#### Assignment
Check each line below for "clarify" and report how many have it, nothing else.

#### Excerpted records

fun cell_value :: "(nat \<Rightarrow> real) \<Rightarrow> (nat \<Rightarrow> real) \<Rightarrow> cell \<Rightarrow> real" where
  "cell_value f x (Coef d) = f d"
| "cell_value f x (Input j) = x j"
| "cell_value f x (Down k v) = sum x (descendants_at k v)"
| "cell_value f x (Sphere d v) = sum x (tree_sphere d v)"
| "cell_value f x (Output v) = (\<Sum>j<L. f (tree_dist E v j) * x j)"

definition down_aexp :: "nat \<Rightarrow> nat \<Rightarrow> cell aexp" where
  "down_aexp k v =
     (if k = 0 then Var (Input v) else sum_aexp (map (\<lambda>c. Var (Down (k - 1) c)) (children v)))"

definition sphere_aexp :: "nat \<Rightarrow> nat \<Rightarrow> cell aexp" where
  "sphere_aexp d v =
     (if d = 0 then Var (Down 0 v)
      else if v = r then Var (Down d r)
      else Bin BSub (Bin BAdd (Var (Down d v)) (Var (Sphere (d - 1) (parent v))))
             (if 2 \<le> d then Var (Down (d - 2) v) else Num 0))"

definition output_aexp :: "nat \<Rightarrow> cell aexp" where
  "output_aexp v = sum_aexp (map (\<lambda>d. Bin BMul (Var (Coef d)) (Var (Sphere d v))) [0..<num_dists])"

definition down_defs :: "nat \<Rightarrow> (cell \<times> cell aexp) list" where
  "down_defs k = map (\<lambda>v. (Down k v, down_aexp k v)) [0..<L]"

definition sphere_defs :: "nat \<Rightarrow> (cell \<times> cell aexp) list" where
  "sphere_defs d = map (\<lambda>v. (Sphere d v, sphere_aexp d v)) [0..<L]"

definition output_defs :: "(cell \<times> cell aexp) list" where
  "output_defs = map (\<lambda>v. (Output v, output_aexp v)) [0..<L]"

definition matvec_defs :: "(cell \<times> cell aexp) list" where
  "matvec_defs = concat (map down_defs [0..<num_dists]) @ concat (map sphere_defs [0..<num_dists])
     @ output_defs"

definition input_cells :: "cell set" where
  "input_cells = Coef ` {..<L} \<union> Input ` {..<L}"

lemma weighted_sphere_sum:
  fixes f x :: "nat \<Rightarrow> 'a::semiring_0"
  assumes "v < L"
  shows "(\<Sum>d<num_dists. f d * sum x (tree_sphere d v)) = (\<Sum>j<L. f (tree_dist E v j) * x j)"
proof -
  have "(\<Sum>j<L. f (tree_dist E v j) * x j)
      = (\<Sum>d<num_dists. \<Sum>j\<in>{j. j \<in> {..<L} \<and> tree_dist E v j = d}. f (tree_dist E v j) * x j)"
    using tree_dist_less_num_dists[OF assms] by (intro sum.group[symmetric]) auto
  also have "\<dots> = (\<Sum>d<num_dists. f d * sum x (tree_sphere d v))"
    by (simp add: tree_sphere_def sum_distrib_left)
  finally show ?thesis ..
qed

lemma eval_down_aexp:
  "v < L \<Longrightarrow> eval_aexp (cell_value f x) (down_aexp k v) = sum x (descendants_at k v)"
  by (cases k) (simp_all add: down_aexp_def descendants_at_0 sum_descendants_at_Suc comp_def)

lemma eval_sphere_aexp:
  "v < L \<Longrightarrow> eval_aexp (cell_value f x) (sphere_aexp d v) = sum x (tree_sphere d v)"
  using sum_tree_sphere_step[of v d x]
  by (auto simp: sphere_aexp_def descendants_at_0 tree_sphere_0 tree_sphere_root)

lemma eval_output_aexp:
  "v < L \<Longrightarrow> eval_aexp (cell_value f x) (output_aexp v) = (\<Sum>j<L. f (tree_dist E v j) * x j)"
  by (simp add: output_aexp_def comp_def interv_sum_list_conv_sum_set_nat atLeast0LessThan
      weighted_sphere_sum)

lemma vars_down_aexp:
  "c \<in> vars_aexp (down_aexp k v) \<Longrightarrow> c = Input v \<or> (\<exists>w<L. 0 < k \<and> c = Down (k - 1) w)"
  by (auto simp: down_aexp_def set_children split: if_splits dest: edge_vertices)

lemma vars_sphere_aexp:
  "v < L \<Longrightarrow> c \<in> vars_aexp (sphere_aexp d v) \<Longrightarrow>
   (\<exists>k\<le>d. \<exists>w<L. c = Down k w) \<or> (\<exists>w<L. 0 < d \<and> c = Sphere (d - 1) w)"
  using parent(1) edge_vertices root
  by (auto simp: sphere_aexp_def split: if_splits) blast+

lemma vars_output_aexp:
  "c \<in> vars_aexp (output_aexp v) \<Longrightarrow> \<exists>d<num_dists. c = Coef d \<or> c = Sphere d v"
  by (auto simp: output_aexp_def)

lemma keys_down_defs [simp]: "fst ` set (down_defs k) = (\<lambda>v. Down k v) ` {..<L}"
  by (force simp: down_defs_def)

lemma keys_sphere_defs [simp]: "fst ` set (sphere_defs d) = (\<lambda>v. Sphere d v) ` {..<L}"
  by (force simp: sphere_defs_def)

lemma down_defs_layer:
  assumes "(c, e) \<in> set (down_defs k)"
  shows "vars_aexp e \<subseteq> input_cells \<union> (\<Union>k'<k. fst ` set (down_defs k'))"
    and "eval_aexp (cell_value f x) e = cell_value f x c"
proof -
  obtain v where v: "v < L" "c = Down k v" "e = down_aexp k v"
    using assms by (auto simp: down_defs_def)
  show "vars_aexp e \<subseteq> input_cells \<union> (\<Union>k'<k. fst ` set (down_defs k'))"
  proof
    fix c' assume "c' \<in> vars_aexp e"
    then have "c' = Input v \<or> (\<exists>w<L. 0 < k \<and> c' = Down (k - 1) w)"
      using v vars_down_aexp by simp
    then show "c' \<in> input_cells \<union> (\<Union>k'<k. fst ` set (down_defs k'))"
      using v(1) by (auto simp: input_cells_def)
  qed
  show "eval_aexp (cell_value f x) e = cell_value f x c"
    using v eval_down_aexp by simp
qed

lemma sphere_defs_layer:
  assumes "(c, e) \<in> set (sphere_defs d)" "d < num_dists"
  shows "vars_aexp e \<subseteq>
           {Down k w | k w. k < num_dists \<and> w < L} \<union> (\<Union>d'<d. fst ` set (sphere_defs d'))"
    and "eval_aexp (cell_value f x) e = cell_value f x c"
proof -
  obtain v where v: "v < L" "c = Sphere d v" "e = sphere_aexp d v"
    using assms by (auto simp: sphere_defs_def)
  show "vars_aexp e \<subseteq>
          {Down k w | k w. k < num_dists \<and> w < L} \<union> (\<Union>d'<d. fst ` set (sphere_defs d'))"
  proof
    fix c' assume "c' \<in> vars_aexp e"
    then have "(\<exists>k\<le>d. \<exists>w<L. c' = Down k w) \<or> (\<exists>w<L. 0 < d \<and> c' = Sphere (d - 1) w)"
      using v vars_sphere_aexp by simp
    then show "c' \<in> {Down k w | k w. k < num_dists \<and> w < L} \<union> (\<Union>d'<d. fst ` set (sphere_defs d'))"
      using assms(2) by auto
  qed
  show "eval_aexp (cell_value f x) e = cell_value f x c"
    using v eval_sphere_aexp by simp
qed

lemma output_defs_valid:
  assumes "{Coef d | d. d < num_dists} \<union> {Sphere d v | d v. d < num_dists \<and> v < L} \<subseteq> K"
  shows "defs_valid (cell_value f x) K output_defs"
proof (rule defs_valid_independent, clarify)
  fix c e assume "(c, e) \<in> set output_defs"
  then obtain v where v: "v < L" "c = Output v" "e = output_aexp v"
    by (auto simp: output_defs_def)
  have "vars_aexp (output_aexp v) \<subseteq> K"
  proof
    fix c' assume "c' \<in> vars_aexp (output_aexp v)"
    then obtain d where "d < num_dists" "c' = Coef d \<or> c' = Sphere d v"
      using vars_output_aexp by blast
    then show "c' \<in> K"
      using assms v(1) by blast
  qed
  then show "vars_aexp e \<subseteq> K \<and> eval_aexp (cell_value f x) e = cell_value f x c"
    using v eval_output_aexp by simp
qed

lemma matvec_defs_valid: "defs_valid (cell_value f x) input_cells matvec_defs"
proof -
  let ?g = "cell_value f x"
  define downs where "downs = concat (map down_defs [0..<num_dists])"
  define spheres where "spheres = concat (map sphere_defs [0..<num_dists])"
  have keys_downs: "fst ` set downs = {Down k v | k v. k < num_dists \<and> v < L}"
    by (auto simp: downs_def down_defs_def image_iff)
  have keys_spheres: "fst ` set spheres = {Sphere d v | d v. d < num_dists \<and> v < L}"
    by (auto simp: spheres_def sphere_defs_def image_iff)
  have "defs_valid ?g input_cells downs"
    unfolding downs_def
    by (rule defs_valid_layers) (blast dest: down_defs_layer)
  moreover have "defs_valid ?g (input_cells \<union> fst ` set downs) spheres"
    unfolding spheres_def
  proof (rule defs_valid_layers, intro allI impI, clarify)
    fix d c e assume "d < num_dists" "(c, e) \<in> set (sphere_defs d)"
    from sphere_defs_layer[OF this(2,1)]
    show "vars_aexp e \<subseteq> input_cells \<union> fst ` set downs \<union> (\<Union>d'<d. fst ` set (sphere_defs d')) \<and>
          eval_aexp ?g e = ?g c"
      unfolding keys_downs by blast
  qed
  moreover have "defs_valid ?g (input_cells \<union> fst ` set downs \<union> fst ` set spheres) output_defs"
  proof (rule output_defs_valid)
    show "{Coef d | d. d < num_dists} \<union> {Sphere d v | d v. d < num_dists \<and> v < L}
        \<subseteq> input_cells \<union> fst ` set downs \<union> fst ` set spheres"
      using num_dists_le unfolding keys_spheres input_cells_def by auto
  qed
  ultimately show ?thesis
    by (simp add: matvec_defs_def defs_valid_append downs_def spheres_def)
qed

#### The answer
2